In the records that follow, find each line containing "have" and copy it.
[Recorded data]
definition certificate_18 :: "int list list list" where
  "certificate_18 =
    [[[ 0,  1,  0, -1,  0,  0, -1,  0,  0,  1, -1,  0,  0,  0, -1,  1,  1,  1],
      [ 0,  1,  0,  1,  0,  0, -1,  0, -1, -1,  1, -1,  1,  0, -1,  0,  0,  0],
      [ 0,  1, -1,  0,  0, -1,  1,  1, -1,  0,  0,  1,  0,  0,  0, -1,  0,  1],
      [ 1,  0,  0,  0, -1,  1,  1,  0, -1,  0,  0, -1, -1,  1,  0,  0,  1,  0],
      [ 1,  0,  1,  1,  0,  0,  0,  1,  1,  0,  0,  1,  1,  1,  0,  0,  1,  0],
      [ 1,  0, -1,  0,  0,  0,  1,  0,  0,  0, -1,  0,  1,  0, -1,  1, -1, -1],
      [ 0,  0,  1,  0,  1, -1,  1,  0,  0, -1, -1, -1,  0, -1,  0,  0,  1,  0],
      [ 0,  1,  1,  0, -1,  0,  0,  0, -1,  0,  0,  1,  0, -1,  1,  1,  0, -1],
      [ 1,  0,  1,  0,  0,  0,  0, -1,  0, -1,  0,  1, -1,  0, -1,  0, -1,  1],
      [ 0,  1,  0,  1, -1,  0,  0,  0,  1,  0, -1, -1,  0,  0,  1,  0, -1,  1],
      [ 1,  1,  0, -1,  1,  1,  0, -1,  0,  0,  0,  0,  1,  0,  1, -1,  0,  0],
      [ 1,  0, -1,  0,  1,  0, -1,  1,  0, -1,  0,  0, -1,  0,  1,  1,  0,  0],
      [ 1, -1,  0,  1,  0,  0, -1,  0, -1,  1, -1,  0,  0, -1,  0, -1,  0,  0],
      [ 1,  0, -1,  0, -1, -1,  0, -1,  1,  0,  1,  0,  0, -1,  0,  0,  1,  0],
      [ 1,  0,  1, -1,  0, -1,  0,  1,  0,  1,  1, -1,  0,  0,  0,  0, -1,  0],
      [ 0,  1,  0,  1,  1, -1,  0, -1,  0,  1,  0,  0, -1,  1,  0,  0,  0, -1],
      [ 0,  0,  0,  1,  1,  1,  1,  0,  0,  1,  1,  0,  0, -1,  0,  1,  0,  1],
      [ 0,  1,  0,  0,  0,  1,  0,  1,  1,  0,  0,  0, -1, -1, -1, -1,  0, -1]],

     [[ 1,  0,  1,  0,  1,  0, -1, -1,  1,  1, -1,  1,  0,  0,  0,  0,  0,  0],
      [ 1,  0, -1, -1,  1,  1,  1,  1,  0,  0,  0,  1,  0, -1,  0,  0,  0,  0],
      [ 0,  1,  1, -1,  0,  0, -1,  0, -1,  0,  1,  0, -1, -1, -1,  0,  0,  0],
      [ 0,  1,  0, -1, -1,  1,  0,  0,  1,  0,  0,  0, -1,  1,  1, -1,  0,  0],
      [ 1,  0,  0,  1,  0, -1,  0,  1,  0,  0,  1,  1, -1,  1,  0,  0, -1,  0],
      [ 1, -1,  0,  0,  0,  1, -1,  0,  0,  0,  1, -1,  1,  0,  0, -1, -1,  0],
      [ 1,  0, -1,  0, -1,  0, -1,  0, -1,  1,  0,  0,  0,  0,  1,  1,  1,  0],
      [ 0,  0,  1,  0,  1,  0,  0,  1,  1,  0,  1, -1,  0,  0,  1,  1,  1,  0],
      [ 0,  0,  0,  1,  0,  1,  0, -1,  0, -1,  0,  0, -1, -1,  1,  1, -1,  0],
      [ 1, -1,  0, -1,  0, -1,  1, -1,  0,  0,  0, -1, -1,  0,  0,  0,  0,  1],
      [ 1,  1,  0,  0,  1,  0,  0,  0, -1, -1, -1, -1,  0,  1,  0,  0,  0, -1],
      [ 0,  0,  0,  1,  0,  1,  0,  1,  0,  1, -1, -1, -1,  0, -1,  0,  0,  1],
      [ 1,  1,  0,  0, -1,  0,  0,  0,  1, -1,  0,  0,  1,  0, -1,  1,  0,  1],
      [ 0,  0,  0,  0,  0,  1,  1, -1,  0,  1,  1,  0,  0,  1, -1,  1,  0, -1],
      [ 0,  1, -1,  0,  0, -1,  0,  0,  1,  1,  0, -1,  0, -1,  0,  0, -1, -1],
      [ 0,  1,  1,  0,  0,  0,  1,  0, -1,  1,  0,  0,  1,  0,  1,  0, -1,  1],
      [ 0,  1, -1,  1,  1,  0,  0, -1,  0,  0,  1,  0,  0,  0,  0, -1,  1,  1],
      [ 1,  0,  1,  1, -1,  0,  1,  0,  0,  0,  0,  0,  0, -1,  0, -1,  1, -1]],

     [[ 1,  0, -1,  1,  0,  1,  0,  1, -1,  0, -1,  1,  0,  1,  0,  0,  0,  0],
      [ 1,  0, -1,  0,  1, -1,  0,  0, -1,  1,  1,  0, -1, -1,  0,  0,  0,  0],
      [ 1, -1, -1, -1,  0,  0, -1, -1,  1,  0,  0,  0,  0,  1,  1,  0,  0,  0],
      [ 0,  0,  0,  0,  1,  0,  1, -1,  0,  0, -1,  1,  1, -1,  1,  1,  0,  0],
      [ 0,  1, -1,  0,  1,  1,  0,  0,  1,  0,  1,  0,  1,  0, -1,  0, -1,  0],
      [ 1, -1,  1,  0,  0,  0,  0,  1,  1,  0,  0,  1,  0, -1,  0, -1, -1,  0],
      [ 0,  1,  1, -1,  0,  0,  0,  0,  0,  1,  0,  1, -1,  1,  0,  1, -1,  0],
      [ 0,  1,  0,  0, -1,  0,  0,  0,  0,  1,  1,  1,  1,  0,  1, -1,  1,  0],
      [ 1,  0,  1,  0,  1,  0,  1, -1,  0,  0,  0,  0,  0,  1, -1, -1,  1,  0],
      [ 0,  0,  1,  0,  1,  1, -1,  0, -1, -1,  1,  0,  0,  0,  1,  0,  0, -1],
      [ 1,  1,  0, -1,  0,  0,  1,  1,  0, -1,  0, -1,  0,  0,  1,  0,  0,  1],
      [ 0,  0,  0,  1,  0,  1,  1,  0,  1,  1,  0, -1, -1,  0,  1,  0,  0, -1],
      [ 1,  0,  1,  1,  0,  0, -1,  0,  0,  1,  0, -1,  1,  0,  0,  1,  0,  1],
      [ 0,  1,  0,  0,  0,  1, -1, -1,  0,  0, -1,  0, -1, -1,  0, -1,  0,  1],
      [ 1,  1,  0,  1, -1, -1,  0, -1,  0, -1,  0,  0,  0,  0,  0,  0, -1, -1],
      [ 0,  1,  0,  0,  1, -1, -1,  1,  1,  0, -1,  0,  0,  0,  0,  0,  1, -1],
      [ 0,  0,  0,  1,  0,  0,  0,  0,  1, -1,  1,  1, -1,  0,  0,  1,  1,  1],
      [ 1,  0,  0, -1, -1,  1,  0,  0,  0,  0,  0,  0,  0, -1, -1,  1,  1, -1]],

     [[ 1,  0,  0, -1, -1, -1,  1,  0,  0, -1, -1,  1,  0, -1,  0,  0,  0,  0],
      [ 1,  0, -1,  0,  0,  0,  1, -1,  0, -1,  1, -1,  1,  1,  0,  0,  0,  0],
      [ 0,  1,  0,  0,  1,  0,  0,  1,  1, -1,  1,  1,  0,  0,  1, -1,  0,  0],
      [ 1,  0,  1,  0,  0, -1, -1, -1,  0,  0,  1,  0, -1,  0,  1,  1,  0,  0],
      [ 1,  0, -1, -1,  0,  0,  0,  1,  1,  1,  0, -1, -1,  0,  0,  0,  1,  0],
      [ 1,  1,  1,  1,  0,  0,  1,  0,  1,  1,  0,  0,  0,  0, -1,  0, -1,  0],
      [ 0,  1,  1, -1,  1,  1,  1,  0, -1,  0,  0,  0,  0,  0,  0,  1,  1,  0],
      [ 0,  0,  0,  0,  1, -1,  0,  1,  0,  0, -1, -1,  1,  0,  1,  1, -1,  0],
      [ 0,  0,  0,  1, -1,  1,  0,  0,  1,  0,  0,  0,  1, -1,  1,  1,  1,  0],
      [ 1, -1,  0,  0,  0,  0,  0,  1, -1,  1,  1,  1,  1,  0,  0,  0,  0,  1],
      [ 0,  1, -1,  0,  0,  0,  0, -1,  0,  1, -1,  1,  0,  1,  1,  0,  0,  1],
      [ 0,  1,  1, -1, -1,  0, -1,  0,  0,  0,  0, -1,  1,  0,  0, -1,  0,  1],
      [ 1, -1,  1,  0,  0,  1,  0,  0,  0,  0, -1,  0,  0,  1,  1, -1,  0, -1],
      [ 0,  0,  0,  1,  0,  0,  1,  0, -1,  0,  0, -1, -1, -1,  1, -1,  0,  1],
      [ 1,  1, -1,  0,  0,  1, -1,  0, -1,  0,  0,  0,  0, -1,  0,  0, -1, -1],
      [ 0,  1,  0,  1, -1, -1,  0,  1, -1,  0,  0,  0,  0,  1,  0,  0,  1, -1],
      [ 1,  0,  0,  1,  1,  0, -1,  0,  0, -1, -1,  0,  0,  0, -1,  0,  1,  1],
      [ 0,  0,  0,  0,  1, -1,  0, -1,  0,  1,  0,  0,  1, -1,  0, -1,  1, -1]]]"

lemma mutually_unbiased_rows_certificate_17: "mutually_unbiased_rows 17 3 certificate_17"
  by code_simp

lemma mutually_unbiased_rows_certificate_18: "mutually_unbiased_rows 18 3 certificate_18"
  by code_simp

theorem proposition6p7:
  shows "W_max 17 9 \<in> {5..18} \<and> W_max 18 9 \<in> {4..21}"
proof
  have "W_max 17 (3 ^ 2) \<in> {length certificate_17..18}"
    by (rule W_max_between_certificate[OF mutually_unbiased_rows_certificate_17]) auto
  then show "W_max 17 9 \<in> {5..18}"
    by (simp add: certificate_17_def)
  have "W_max 18 (3 ^ 2) \<in> {length certificate_18..21}"
    by (rule W_max_between_certificate[OF mutually_unbiased_rows_certificate_18]) auto
  then show "W_max 18 9 \<in> {4..21}"
    by (simp add: certificate_18_def)
qed

end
[/Recorded data]
> [Written answer]
  have "W_max 17 (3 ^ 2) \<in> {length certificate_17..18}"
  have "W_max 18 (3 ^ 2) \<in> {length certificate_18..21}"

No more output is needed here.